Bristol-Myers Squibb and Otsuka Pharmaceutical are collaborative partners in the commercialisation of Sprycel in the US, Japan and major European countries. Sprycel was discovered and developed by Bristol-Myers Squibb.
The approval was based on results from the DASISION (Dasatinib versus Imatinib Study in Treatment-Naïve CP-CML Patients) open-label, randomised, Phase 3 international trial of Sprycel 100 mg taken once daily vs. imatinib 400 mg taken once daily, in the treatment of newly diagnosed chronic phase Ph+ CML.

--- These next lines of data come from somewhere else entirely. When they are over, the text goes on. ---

(* Let $T$ be a tree with $m$ edges, with notation as in the context. Let $f:\mathbb{N}\times\mathbb{N}\to\mathbb{N}$ be a function with the following property: for all natural numbers $m',\lambda$, all $b'\ge 0$ and positive integers $m_1,\ldots,m_{b'+1}$ with $m'=m_1+\cdots+m_{b'+1}$, every $f(m',\lambda)$-edge-connected bipartite graph $H$ on classes $A',B'$ in which all vertices of $A'$ have degree divisible by $m'$ can be decomposed into $b'+1$ spanning $\lambda$-edge-connected graphs $H_1,\ldots,H_{b'+1}$ with $d(v,H_i)=\frac{m_i}{m'}d(v,H)$ for $v\in A'$, $i\in\{1,\ldots,b'+1\}$, and $d(v,H_i)$ divisible by $m_i$ for $v\in B'$, $i\in\{1,\ldots,b'\}$ (such a function exists). Let $d$ be a natural number and let $G$ be a bipartite graph on vertex classes $A$ and $B$ in which every vertex of $A$ has degree divisible by $m$. If $G$ is $f(m,md)$-edge-connected, then $G$ admits a $T$-equitable edge-colouring in which every vertex has at least $d$ incident edges of each colour $1,\ldots,m$.
   Context: All graphs are finite and loopless but may have multiple edges. Let $T_A$, $T_B$ be the two vertex classes of a proper $2$-colouring of $T$, chosen so that $T_B$ contains a leaf of $T$. Denote the non-leaves of $T$ in $T_A$ by $t_1,\ldots,t_a$ and those in $T_B$ by $t_{a+1},\ldots,t_{a+b}$. Colour the edges of $T$ with colours $1,\ldots,m$, distinct edges getting distinct colours, and let $T(i)$ be the set of colours at $t_i$. For an edge-colouring of $G$, $d_j(v)$ is the number of edges of colour $j$ at $v$. An edge-colouring of $G$ with colours $1,\ldots,m$ is $T$-equitable if for every $v\in A$, $i\in\{1,\ldots,a\}$, $j,k\in T(i)$ we have $d_j(v)=d_k(v)$, and for every $v\in B$, $i\in\{a+1,\ldots,a+b\}$, $j,k\in T(i)$ we have $d_j(v)=d_k(v)$. *)

theory Defs
  imports Main
begin

text \<open>A multigraph is a vertex set V, an edge set E and an endpoint map
  ends; each edge has exactly two distinct endpoints (loopless), parallel
  edges are allowed.\<close>

definition multigraph :: "'a set \<Rightarrow> 'e set \<Rightarrow> ('e \<Rightarrow> 'a set) \<Rightarrow> bool" where
  "multigraph V E ends \<longleftrightarrow> finite V \<and> finite E \<and>
     (\<forall>e\<in>E. ends e \<subseteq> V \<and> card (ends e) = 2)"

definition bipartite_on :: "'a set \<Rightarrow> 'e set \<Rightarrow> ('e \<Rightarrow> 'a set) \<Rightarrow> 'a set \<Rightarrow> 'a set \<Rightarrow> bool" where
  "bipartite_on V E ends A B \<longleftrightarrow> multigraph V E ends \<and> A \<union> B = V \<and> A \<inter> B = {} \<and>
     (\<forall>e\<in>E. \<exists>a\<in>A. \<exists>b\<in>B. ends e = {a, b})"

definition deg :: "'e set \<Rightarrow> ('e \<Rightarrow> 'a set) \<Rightarrow> 'a \<Rightarrow> nat" where
  "deg E ends v = card {e\<in>E. v \<in> ends e}"

definition mg_connected :: "'a set \<Rightarrow> 'e set \<Rightarrow> ('e \<Rightarrow> 'a set) \<Rightarrow> bool" where
  "mg_connected V E ends \<longleftrightarrow>
     (\<forall>u\<in>V. \<forall>v\<in>V. (\<lambda>x y. \<exists>e\<in>E. ends e = {x, y})\<^sup>*\<^sup>* u v)"

text \<open>k-edge-connected (Diestel's convention): at least two vertices, and the
  graph stays connected after deleting any set of fewer than k edges.\<close>

definition edge_connected :: "nat \<Rightarrow> 'a set \<Rightarrow> 'e set \<Rightarrow> ('e \<Rightarrow> 'a set) \<Rightarrow> bool" where
  "edge_connected k V E ends \<longleftrightarrow> card V > 1 \<and>
     (\<forall>F\<subseteq>E. card F < k \<longrightarrow> mg_connected V (E - F) ends)"

definition simple_graph :: "'v set \<Rightarrow> 'v set set \<Rightarrow> bool" where
  "simple_graph VT ET \<longleftrightarrow> finite VT \<and>
     ET \<subseteq> {{x, y} | x y. x \<in> VT \<and> y \<in> VT \<and> x \<noteq> y}"

definition sg_connected :: "'v set \<Rightarrow> 'v set set \<Rightarrow> bool" where
  "sg_connected VT ET \<longleftrightarrow> (\<forall>u\<in>VT. \<forall>v\<in>VT. (\<lambda>x y. {x, y} \<in> ET)\<^sup>*\<^sup>* u v)"

definition has_cycle :: "'v set \<Rightarrow> 'v set set \<Rightarrow> bool" where
  "has_cycle VT ET \<longleftrightarrow> (\<exists>xs. length xs \<ge> 3 \<and> distinct xs \<and> set xs \<subseteq> VT \<and>
     (\<forall>i<length xs. {xs ! i, xs ! ((i + 1) mod length xs)} \<in> ET))"

definition is_tree :: "'v set \<Rightarrow> 'v set set \<Rightarrow> bool" where
  "is_tree VT ET \<longleftrightarrow> simple_graph VT ET \<and> VT \<noteq> {} \<and> sg_connected VT ET \<and> \<not> has_cycle VT ET"

definition tdeg :: "'v set set \<Rightarrow> 'v \<Rightarrow> nat" where
  "tdeg ET t = card {e\<in>ET. t \<in> e}"

definition is_leaf :: "'v set set \<Rightarrow> 'v \<Rightarrow> bool" where
  "is_leaf ET t \<longleftrightarrow> tdeg ET t = 1"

The study enrolled 519 patients; 259 patients were randomised to receive Sprycel and 260 patients were randomised to receive imatinib.
Bristol-Myers Squibb said that Sprycel demonstrated superior efficacy with higher and faster molecular and confirmed cytogenetic response rates compared to imatinib by 12 months in newly diagnosed CP-CML patients.
Around 77% [95% CI: 71.2 – 81.8] of SPRYCEL patients vs. 66% [95% CI: 60.1 – 71.9] of imatinib patients achieved the primary endpoint of confirmed CCyR (two consecutive assessments of CCyR at least 28 days apart) by 12 months (p=0.007).
Bristol-Myers Squibb R&D executive vice president, chief scientific officer and president Elliott Sigal said that the FDA approval of Sprycel as a first-line treatment for chronic phase CML builds on their commitment to advancing care in hematologic malignancies.
"Patients now have an option that has both improved response over imatinib, the current standard of care, and offers a once-daily dosing convenience with no fasting requirements," Sigal said.